9 Air New Zealand Ltd v Commerce Commission [2007] NZCA 27, [2007] 2 NZLR 494 at [47]–
[48] and [62]; Scandle v Far North District Council HC Whangarei CIV-2008-488-203, 31 March 2011 at [34].
[8] Having reviewed the file and my judgment, I am satisfied that increased costs should be paid by Cushla-Joy to Destinee-Joy, but not by the full amount sought by Destinee-Joy.
[9] It is not open for Cushla-Joy to attempt to revisit the outcome of the application. It is likewise clear that the way in which Cushla-Joy has participated in the proceedings has contributed unnecessarily to the time and expense of the proceeding by ineffectively and unjustifiably blocking the sale of the property after having consented to the order for sale and signing the agreement for sale and purchase. Cushla-Joy’s conduct inevitably required Destinee-Joy to take the application to its conclusion. Even then, Cushla-Joy took what can only be described as a “spoiling role” by not formally participating or raising anything substantive in opposition. She nonetheless indicated throughout that she would do so and ultimately turned up to the hearing notwithstanding the lack of formal steps taken, which increased the costs of Destinee-Joy.
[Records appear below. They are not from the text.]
subsection \<open>The windowed Fourier transform behind the measurements\<close>

definition window_ft :: "nat \<Rightarrow> complex vec \<Rightarrow> complex vec \<Rightarrow> nat \<Rightarrow> nat \<Rightarrow> complex" where
  "window_ft d x m k l = (\<Sum>n<d. x $ n * idx m (int n - int l) * dft_exp d (int n * int k))"

lemma meas_nth:
  assumes "k < d" "l < d"
  shows "meas d x m N $$ (k, l) = (cmod (window_ft d x m k l))\<^sup>2 + N $$ (k, l)"
  using assms unfolding meas_def window_ft_def exp_eq_dft_exp by simp

lemma window_ft_via_hatv:
  assumes "dim_vec x = d" "dim_vec m = d" "0 < d"
  shows "window_ft d x m k l =
    (\<Sum>j<d. \<Sum>p<d. hatv x $ j * m $ p * dft_exp d ((int p + int l) * (int k - int j))) / of_nat d"
proof -
  define n0 where "n0 p = nat ((int p + int l) mod int d)" for p
  have "n0 p < d" "int (n0 p) = (int p + int l) mod int d" for p
    unfolding n0_def using assms(3) by (simp_all add: nat_less_iff)
  have "window_ft d x m k l = (\<Sum>p<d. x $ n0 p * m $ p * dft_exp d (int (n0 p) * int k))"
    unfolding window_ft_def idx_def assms(2) n0_def
    using sum_if_dvd_shift[OF assms(3), of "\<lambda>n p. x $ n * m $ p * dft_exp d (int n * int k)" "int l"]
    by simp
  also have "\<dots> = (\<Sum>p<d. (\<Sum>j<d. hatv x $ j * m $ p * dft_exp d ((int p + int l) * (int k - int j))) / of_nat d)"
  proof (rule sum.cong[OF refl])
    fix p
    have "dft_exp d (- (int (n0 p) * int j)) * dft_exp d (int (n0 p) * int k)
        = dft_exp d ((int p + int l) * (int k - int j))" for j
      unfolding dft_exp_add[symmetric] \<open>int (n0 p) = _\<close>
      using dft_exp_mod_mult[OF assms(3), of "int p + int l" "int k - int j"]
      by (simp add: algebra_simps)
    then have "x $ n0 p * dft_exp d (int (n0 p) * int k)
        = (\<Sum>j<d. hatv x $ j * dft_exp d ((int p + int l) * (int k - int j))) / of_nat d"
      by (subst inverse_dft[OF assms(1) \<open>n0 p < d\<close>]) (simp add: sum_divide_distrib sum_distrib_right mult.assoc)
    then show "x $ n0 p * m $ p * dft_exp d (int (n0 p) * int k)
        = (\<Sum>j<d. hatv x $ j * m $ p * dft_exp d ((int p + int l) * (int k - int j))) / of_nat d"
      by (simp add: sum_distrib_left sum_divide_distrib mult_ac)
  qed
  also have "\<dots> = (\<Sum>j<d. \<Sum>p<d. hatv x $ j * m $ p * dft_exp d ((int p + int l) * (int k - int j))) / of_nat d"
    unfolding sum_divide_distrib[symmetric] by (rule arg_cong[where f="\<lambda>z. z / of_nat d"], rule sum.swap)
  finally show ?thesis .
qed
lemma Pe_subcode_le:
  fixes enc :: "nat \<Rightarrow> nat \<Rightarrow> 'x::finite list" and dec :: "nat \<Rightarrow> 'z::finite list \<Rightarrow> nat"
  assumes P: "is_channel P" and valid: "valid_code b B Mn enc dec n"
  shows "Pe P (\<lambda>n. card (S n)) (subcode_enc h enc) (subcode_dec S h dec) n \<le> Pe P Mn enc dec n"
proof -
  define err where "err enc dec m = (\<Sum>zs\<in>{zs\<in>seqs n. dec zs \<noteq> m}. prod_chan P (enc m) zs)"
    for enc :: "nat \<Rightarrow> 'x list" and dec :: "'z list \<Rightarrow> nat" and m
  have "err (subcode_enc h enc n) (subcode_dec S h dec n) m \<le> err (enc n) (dec n) (h n m)"
    if m: "m \<in> {1..card (S n)}" for m
  proof -
    have "{zs\<in>seqs n. subcode_dec S h dec n zs \<noteq> m} \<subseteq> {zs\<in>seqs n. dec n zs \<noteq> h n m}"
      using h m by (auto simp: subcode_dec_def bij_betw_def inj_on_eq_iff)
    then show ?thesis
      unfolding err_def subcode_enc_def using P
      by (intro sum_mono2) (auto intro: rev_finite_subset[OF finite_seqs] simp: prod_chan_def is_channel_def prod_nonneg)
  qed
  also have "err (enc n) (dec n) (h n m) \<le> Pe P Mn enc dec n" if "m \<in> {1..card (S n)}" for m
  proof -
    have "h n m \<in> {1..Mn n}"
      using bij_betw_apply[OF h that] S(1) by auto
    then show ?thesis
      by (auto simp: Pe_def err_def intro!: Max_ge)
  qed
  finally show ?thesis
    using valid_code_subcode[OF valid] by (auto simp: Pe_def err_def[symmetric] valid_code_def intro!: Max.boundedI)
qed

end
lemma sum_odd_eq_signed_counts:
  fixes h :: "('k \<Rightarrow> int) \<Rightarrow> real"
  assumes "finite A" and odd: "\<And>a. h (\<lambda>j. - a j) = - h a"
  shows "2 * (\<Sum>t\<in>A. of_int (w t) * h (g t)) =
    (\<Sum>a\<in>g ` A \<union> (\<lambda>a j. - a j) ` g ` A. of_int (signed_count A g w a) * h a)"
proof -
  define V where "V = g ` A \<union> (\<lambda>a j. - a j) ` g ` A"
  define N where "N a = (\<Sum>t\<in>{t\<in>A. g t = a}. w t)" for a
  have "finite V"
    unfolding V_def using \<open>finite A\<close> by simp
  have grouped: "(\<Sum>t\<in>A. of_int (w t) * h (g t)) = (\<Sum>a\<in>V. of_int (N a) * h a)"
  proof -
    have "(\<Sum>t\<in>A. of_int (w t) * h (g t)) = (\<Sum>a\<in>V. \<Sum>t\<in>{t\<in>A. g t = a}. of_int (w t) * h (g t))"
      using sum.group[OF \<open>finite A\<close> \<open>finite V\<close>, of g "\<lambda>t. of_int (w t) * h (g t)"]
      unfolding V_def by auto
    also have "\<dots> = (\<Sum>a\<in>V. of_int (N a) * h a)"
      unfolding N_def of_int_sum sum_distrib_right by (intro sum.cong) auto
    finally show ?thesis .
  qed
  have "(\<Sum>a\<in>V. of_int (N (\<lambda>j. - a j)) * h a) = (\<Sum>a\<in>V. of_int (N a) * h (\<lambda>j. - a j))"
    by (rule sum.reindex_bij_witness[of _ "\<lambda>a j. - a j" "\<lambda>a j. - a j"]) (auto simp: V_def)
  also have "\<dots> = - (\<Sum>a\<in>V. of_int (N a) * h a)"
    by (simp add: odd sum_negf)
  finally have reflected: "(\<Sum>a\<in>V. of_int (N (\<lambda>j. - a j)) * h a) = - (\<Sum>a\<in>V. of_int (N a) * h a)" .
  have "(\<Sum>a\<in>V. of_int (signed_count A g w a) * h a)
      = (\<Sum>a\<in>V. of_int (N a) * h a) - (\<Sum>a\<in>V. of_int (N (\<lambda>j. - a j)) * h a)"
    by (simp add: signed_count_def N_def left_diff_distrib sum_subtractf)
  then show ?thesis
    using grouped reflected unfolding V_def by linarith
qed

lemma sum_odd_eq_if_signed_counts_eq:
  fixes h :: "('k \<Rightarrow> int) \<Rightarrow> real"
  assumes "finite A" and "\<And>a. h (\<lambda>j. - a j) = - h a"
    and counts: "\<And>a. signed_count A g w a = \<sigma> * signed_count A g w' a"
  shows "(\<Sum>t\<in>A. of_int (w t) * h (g t)) = of_int \<sigma> * (\<Sum>t\<in>A. of_int (w' t) * h (g t))"
proof -
  have "2 * (\<Sum>t\<in>A. of_int (w t) * h (g t)) = of_int \<sigma> * (2 * (\<Sum>t\<in>A. of_int (w' t) * h (g t)))"
    unfolding sum_odd_eq_signed_counts[of A h, OF assms(1,2)] counts
    by (simp add: sum_distrib_left mult.assoc)
  then show ?thesis
    by simp
qed

definition signed_indicator :: "real \<Rightarrow> real \<Rightarrow> real" where
  "signed_indicator l u = (if u = l then 1 else if u = - l then -1 else 0)"

lemma signed_indicator_odd: "l \<noteq> 0 \<Longrightarrow> signed_indicator l (- u) = - signed_indicator l u"
  by (auto simp: signed_indicator_def)

lemma sum_signed_indicator:
  fixes h :: "('k \<Rightarrow> int) \<Rightarrow> real"
  assumes "finite A" and inj: "inj_on h (g ` A \<union> {a, \<lambda>j. - a j})"
    and "h (\<lambda>j. - a j) = - h a" and "h a \<noteq> 0"
  shows "(\<Sum>t\<in>A. of_int (w t) * signed_indicator (h a) (h (g t))) = of_int (signed_count A g w a)"
proof -
  have "of_int (w t) * signed_indicator (h a) (h (g t)) =
      (if g t = a then of_int (w t) else 0) - (if g t = (\<lambda>j. - a j) then of_int (w t) else 0)"
    if "t \<in> A" for t
  proof -
    have "g t = a \<longleftrightarrow> h (g t) = h a"
      using inj_on_eq_iff[OF inj, of "g t" a] that by auto
    moreover have "g t = (\<lambda>j. - a j) \<longleftrightarrow> h (g t) = - h a"
      using inj_on_eq_iff[OF inj, of "g t" "\<lambda>j. - a j"] that assms(3) by auto
    moreover have "a \<noteq> (\<lambda>j. - a j)"
      using assms(3,4) by force
    ultimately show ?thesis
      unfolding signed_indicator_def using assms(4) by auto
  qed
  then have "(\<Sum>t\<in>A. of_int (w t) * signed_indicator (h a) (h (g t))) =
      (\<Sum>t\<in>A. if g t = a then of_int (w t) else 0) - (\<Sum>t\<in>A. if g t = (\<lambda>j. - a j) then of_int (w t) else 0)"
    by (simp add: sum_subtractf[symmetric] cong: sum.cong)
  also have "\<dots> = of_int (signed_count A g w a)"
    unfolding signed_count_def of_int_diff of_int_sum using \<open>finite A\<close> by (simp add: sum.inter_filter)
  finally show ?thesis .
qed

definition odd_maps :: "'b set \<Rightarrow> 'b set set \<Rightarrow> ('b \<Rightarrow> real \<Rightarrow> real) set" where
  "odd_maps T P = {F. (\<forall>t\<in>T. \<forall>u. F t (- u) = - F t u) \<and> (\<forall>A\<in>P. \<forall>s\<in>A. \<forall>t\<in>A. F s = F t)}"

definition balanced :: "'a set \<Rightarrow> ('a \<Rightarrow> 'b \<Rightarrow> int) \<Rightarrow> ('a \<Rightarrow> 'k \<Rightarrow> int) \<Rightarrow> 'b set set \<Rightarrow> bool" where
  "balanced E c K P \<longleftrightarrow> (\<forall>e\<in>E. \<forall>f\<in>E. \<forall>A\<in>P. \<forall>a.
     (K e = K f \<longrightarrow>
        signed_count A (induced_coloring E c K) (c e) a = signed_count A (induced_coloring E c K) (c f) a) \<and>
     (K e = (\<lambda>j. - K f j) \<longrightarrow>
        signed_count A (induced_coloring E c K) (c e) a = - signed_count A (induced_coloring E c K) (c f) a))"

lemma partition_class_subset: "is_partition P T \<Longrightarrow> A \<in> P \<Longrightarrow> A \<subseteq> T"
  unfolding is_partition_def by blast

lemma partition_class_nonempty: "is_partition P T \<Longrightarrow> A \<in> P \<Longrightarrow> A \<noteq> {}"
  unfolding is_partition_def by blast

lemma sum_partition:
  assumes "is_partition P T" and "finite T"
  shows "sum g T = (\<Sum>A\<in>P. sum g A)"
proof -
  have "\<forall>A\<in>P. finite A"
    using finite_subset[OF partition_class_subset[OF assms(1)] assms(2)] by blast
  moreover have "\<forall>A\<in>P. \<forall>B\<in>P. A \<noteq> B \<longrightarrow> A \<inter> B = {}" and "T = \<Union>P"
    using assms(1) unfolding is_partition_def by auto
  ultimately show ?thesis
    using sum.Union_disjoint[of P g] by simp
qed

lemma class_indicator_in_odd_maps:
  assumes "is_partition P T" and "A \<in> P" and "\<And>u. G (- u) = - G u"
  shows "(\<lambda>t. if t \<in> A then G else (\<lambda>u. 0)) \<in> odd_maps T P"
  unfolding odd_maps_def
proof (intro CollectI conjI ballI allI)
  fix B s t
  assume "B \<in> P" "s \<in> B" "t \<in> B"
  moreover have "A = B \<or> A \<inter> B = {}"
    using assms(1,2) \<open>B \<in> P\<close> unfolding is_partition_def by blast
  ultimately have "s \<in> A \<longleftrightarrow> t \<in> A"
    by blast
  then show "(if s \<in> A then G else (\<lambda>u. 0)) = (if t \<in> A then G else (\<lambda>u. 0))"
    by simp
qed (simp add: assms(3))

lemma sandwich_op_realizes_signed_count:
  assumes "finite T" and part: "is_partition P T" and "A \<in> P"
    and x: "\<forall>f\<in>E. x f = lin_ext Ks y (K f)"
    and inj: "inj_on (lin_ext Ks y) (induced_coloring E c K ` A \<union> {a, \<lambda>j. - a j})"
    and "lin_ext Ks y a \<noteq> 0"
  obtains F where "F \<in> odd_maps T P"
    and "\<forall>e\<in>E. sandwich_op E T c F x e = of_int (signed_count A (induced_coloring E c K) (c e) a)"
proof -
  define g where "g = induced_coloring E c K"
  define h where "h = lin_ext Ks y"
  define F where "F t = (if t \<in> A then signed_indicator (h a) else (\<lambda>u. 0))" for t
  have "A \<subseteq> T"
    using partition_class_subset[OF part \<open>A \<in> P\<close>] .
  then have "finite A"
    using \<open>finite T\<close> by (rule finite_subset)
  have "F \<in> odd_maps T P"
    unfolding F_def h_def using class_indicator_in_odd_maps[OF part \<open>A \<in> P\<close>]
      signed_indicator_odd[OF \<open>lin_ext Ks y a \<noteq> 0\<close>] by blast
  moreover have "sandwich_op E T c F x e = of_int (signed_count A g (c e) a)" if "e \<in> E" for e
  proof -
    have "sandwich_op E T c F x e =
        (\<Sum>t\<in>T. if t \<in> A then of_int (c e t) * signed_indicator (h a) (h (g t)) else 0)"
      unfolding sandwich_op_lin_ext[OF x that] F_def g_def h_def by (intro sum.cong) auto
    also have "\<dots> = (\<Sum>t\<in>A. of_int (c e t) * signed_indicator (h a) (h (g t)))"
      by (simp add: sum.inter_restrict[OF \<open>finite T\<close>, symmetric] Int_absorb1[OF \<open>A \<subseteq> T\<close>])
    also have "\<dots> = of_int (signed_count A g (c e) a)"
      unfolding g_def h_def
      by (rule sum_signed_indicator[OF \<open>finite A\<close> inj _ \<open>lin_ext Ks y a \<noteq> 0\<close>]) simp
    finally show ?thesis .
  qed
  ultimately show ?thesis
    using that unfolding g_def by blast
qed
lemma eigenrows_mult:
  assumes A: "A \<in> carrier_mat d d"
    and w: "\<And>i. i < d \<Longrightarrow> eigenvector (transpose_mat A) (w i) (lam i)"
  shows "mat_of_rows d (map w [0..<d]) * A = mat_diag d lam * mat_of_rows d (map w [0..<d])"
proof (rule eq_matI)
  fix i j assume "i < dim_row (mat_diag d lam * mat_of_rows d (map w [0..<d]))"
    and "j < dim_col (mat_diag d lam * mat_of_rows d (map w [0..<d]))"
  hence i: "i < d" and j: "j < d" by (auto simp: mat_diag_def)
  have wi: "w i \<in> carrier_vec d" "transpose_mat A *\<^sub>v w i = lam i \<cdot>\<^sub>v w i"
    using w[OF i] A by (auto simp: eigenvector_def)
  have "w i \<bullet> col A j = col A j \<bullet> w i" using wi(1) A j by (intro comm_scalar_prod[of _ d]) auto
  also have "\<dots> = (transpose_mat A *\<^sub>v w i) $ j" using A j by simp
  also have "\<dots> = lam i * w i $ j" using wi j by simp
  finally show "(mat_of_rows d (map w [0..<d]) * A) $$ (i, j)
      = (mat_diag d lam * mat_of_rows d (map w [0..<d])) $$ (i, j)"
    using i j A wi(1) by (simp add: mat_diag_mult_left[of _ d d] mat_of_rows_index)
qed (use A in \<open>auto simp: mat_diag_def\<close>)

lemma eigenrows_mult_krylov_mat:
  assumes A: "A \<in> carrier_mat d d"
    and w: "\<And>i. i < d \<Longrightarrow> eigenvector (transpose_mat A) (w i) (lam i)"
    and x: "x \<in> carrier_vec d"
  shows "mat_of_rows d (map w [0..<d]) * krylov_mat A x
         = mat_diag d (\<lambda>i. w i \<bullet> x) * vandermonde_mat d lam"
proof -
  have wc: "w i \<in> carrier_vec d" if "i < d" for i using w[OF that] A by (simp add: eigenvector_def)
  show ?thesis
    using A x wc by (intro eq_matI)
      (auto simp: mat_diag_mult_left[of _ d d] vandermonde_mat_def
        left_eigenvector_scalar_prod_pow[OF A w x] mult.commute)
qed

lemma det_eigenrows_nonzero:
  fixes A :: "'a::idom mat"
  assumes A: "A \<in> carrier_mat d d" and inj: "inj_on lam {..<d}"
    and w: "\<And>i. i < d \<Longrightarrow> eigenvector (transpose_mat A) (w i) (lam i)"
  shows "det (mat_of_rows d (map w [0..<d])) \<noteq> 0"
proof
  let ?W = "mat_of_rows d (map w [0..<d])"
  assume "det ?W = 0"
  hence "det (transpose_mat ?W) = 0" by (simp add: det_transpose[OF mat_of_rows_map_carrier])
  then obtain c where c: "c \<in> carrier_vec d" "c \<noteq> 0\<^sub>v d" "transpose_mat ?W *\<^sub>v c = 0\<^sub>v d"
    using det_0_iff_vec_prod_zero[of "transpose_mat ?W" d] by auto
  have wc: "w i \<in> carrier_vec d" "w i \<noteq> 0\<^sub>v d" if "i < d" for i
    using w[OF that] A by (auto simp: eigenvector_def)
  have annihilates: "(w i \<bullet> x) * c $ i = 0" if x: "x \<in> carrier_vec d" and i: "i < d" for x i
  proof -
    let ?D = "mat_diag d (\<lambda>i. w i \<bullet> x)" and ?V = "vandermonde_mat d lam" and ?K = "krylov_mat A x"
    have "transpose_mat ?V *\<^sub>v (?D *\<^sub>v c) = transpose_mat (?D * ?V) *\<^sub>v c"
      using c(1) by (simp add: transpose_mult[of _ d d _ d] assoc_mult_mat_vec[of _ d d _ d])
    also have "\<dots> = transpose_mat ?K *\<^sub>v (transpose_mat ?W *\<^sub>v c)"
      using c(1) x by (simp flip: eigenrows_mult_krylov_mat[OF A w x]
        add: transpose_mult[of _ d d _ d] assoc_mult_mat_vec[of _ d d _ d])
    also have "\<dots> = 0\<^sub>v d" using c(3) x by (intro eq_vecI) auto
    finally have "transpose_mat ?V *\<^sub>v (?D *\<^sub>v c) = 0\<^sub>v d" .
    moreover have "det (transpose_mat ?V) \<noteq> 0"
      using det_vandermonde_mat_nonzero[OF inj] by (simp add: det_transpose[OF vandermonde_mat_carrier])
    ultimately have "?D *\<^sub>v c = 0\<^sub>v d"
      using kernel_trivial_if_det_nonzero[of "transpose_mat ?V" d "?D *\<^sub>v c"] c(1)
      by (simp add: mat_diag_mult_vec)
    thus ?thesis using i c(1) by (simp add: mat_diag_mult_vec vec_eq_iff)
  qed
  obtain i where i: "i < d" "c $ i \<noteq> 0" using c(1,2) by (auto simp: vec_eq_iff)
  obtain m where m: "m < d" "w i $ m \<noteq> 0" using wc[OF i(1)] by (auto simp: vec_eq_iff)
  show False using annihilates[OF unit_vec_carrier i(1), of m] wc(1)[OF i(1)] i m by simp
qed

lemma eigenvector_smult:
  assumes A: "A \<in> carrier_mat n n" and ev: "eigenvector A v k" and s: "s \<noteq> 0"
  shows "eigenvector A (s \<cdot>\<^sub>v (v :: 'a::field vec)) k"
proof -
  have v: "v \<in> carrier_vec n" "v \<noteq> 0\<^sub>v n" "A *\<^sub>v v = k \<cdot>\<^sub>v v"
    using ev A by (auto simp: eigenvector_def)
  have "A *\<^sub>v (s \<cdot>\<^sub>v v) = k \<cdot>\<^sub>v (s \<cdot>\<^sub>v v)"
    using mult_mat_vec[OF A v(1), of s] v(3) by (simp add: smult_smult_assoc mult.commute)
  moreover have "s \<cdot>\<^sub>v v \<noteq> 0\<^sub>v n"
    using v s by (auto simp: vec_eq_iff)
  ultimately show ?thesis using v A by (simp add: eigenvector_def)
qed

lemma exists_eigenrows_det_vandermonde:
  fixes A :: "'a::field mat"
  assumes A: "A \<in> carrier_mat d d" and inj: "inj_on lam {..<d}"
    and ev: "\<And>i. i < d \<Longrightarrow> eigenvalue A (lam i)"
  obtains w where "\<And>i. i < d \<Longrightarrow> eigenvector (transpose_mat A) (w i) (lam i)"
    and "det (mat_of_rows d (map w [0..<d])) = det (vandermonde_mat d lam)"
proof -
  have "eigenvalue (transpose_mat A) (lam i)" if "i < d" for i
    using ev[OF that] A by (simp add: eigenvalue_root_char_poly[of _ d])
  then obtain w0 where w0: "\<And>i. i < d \<Longrightarrow> eigenvector (transpose_mat A) (w0 i) (lam i)"
    unfolding eigenvalue_def by metis
  show thesis
  proof (cases "d = 0")
    case True
    hence "mat_of_rows d (map w0 [0..<d]) = vandermonde_mat d lam"
      by (intro eq_matI) (auto simp: vandermonde_mat_def)
    thus thesis using that w0 by metis
  next
    case False
    define s where "s = det (vandermonde_mat d lam) / det (mat_of_rows d (map w0 [0..<d]))"
    have "s \<noteq> 0"
      using det_vandermonde_mat_nonzero[OF inj] det_eigenrows_nonzero[OF A inj w0] by (simp add: s_def)
    define w where "w i = (if i = 0 then s \<cdot>\<^sub>v w0 i else w0 i)" for i
    have "eigenvector (transpose_mat A) (w i) (lam i)" if "i < d" for i
      using w0[OF that] eigenvector_smult[OF _ w0[OF that] \<open>s \<noteq> 0\<close>] A
      by (cases "i = 0") (simp_all add: w_def)
    moreover have "mat_of_rows d (map w [0..<d]) = multrow 0 s (mat_of_rows d (map w0 [0..<d]))"
      using False w0[of 0] A by (intro eq_matI) (auto simp: w_def mat_of_rows_def mat_multrow_def eigenvector_def)
    hence "det (mat_of_rows d (map w [0..<d])) = det (vandermonde_mat d lam)"
      using False det_eigenrows_nonzero[OF A inj w0]
      by (simp add: det_multrow[OF _ mat_of_rows_map_carrier] s_def)
    ultimately show thesis by (rule that)
  qed
qed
[10] Ultimately, I am satisfied that the appropriate costs calculation is to take scale costs for the proceedings, which I accept are properly calculated in the sum of $15,774, and uplifting those by a total of 30 per cent, reaching a total sum of $20,467.20. I am also satisfied that the disbursements sought are in order.
[11] As noted, Destinee-Joy seeks that the costs awarded be deducted from Cushla- Joy’s share of the estate. This issue was considered by Cooke J in Hennessey v Hennessey.10 This case involved the successful removal of one trustee and executor of an estate by the other, and the successful plaintiff sought that the costs payable be deducted from the defendant’s share of the estate. His Honour however concluded:11
I do not think there is jurisdiction for the Court to make that order. In his supplementary submissions Mr Sheppard indicated he could find no previous case where such orders had been made, but referred to s 81(2) of the Trusts Act 2019 and s 38(2) of the Trustee Act 1956. But these provisions are directed to costs incurred by the trustee, and not costs award against a beneficiary in the trustee’s favour. The defendant’s liability under the costs award can be addressed by the plaintiff in her capacity as administrator. I proceed on the assumption that the plaintiff’s legal costs are being met out of the estate.
10 Hennessy v Hennessey [2021] NZHC 1198.
11 At [18].
[12]Given that position and for the same reasons I take this second issue no further.
Decision
[13]Cushla-Joy Johnston is to pay Destinee-Joy Johnston-O’Loughlin the sum of
$20,467.20 together with disbursements in the sum of $970, a total of $21,437.20.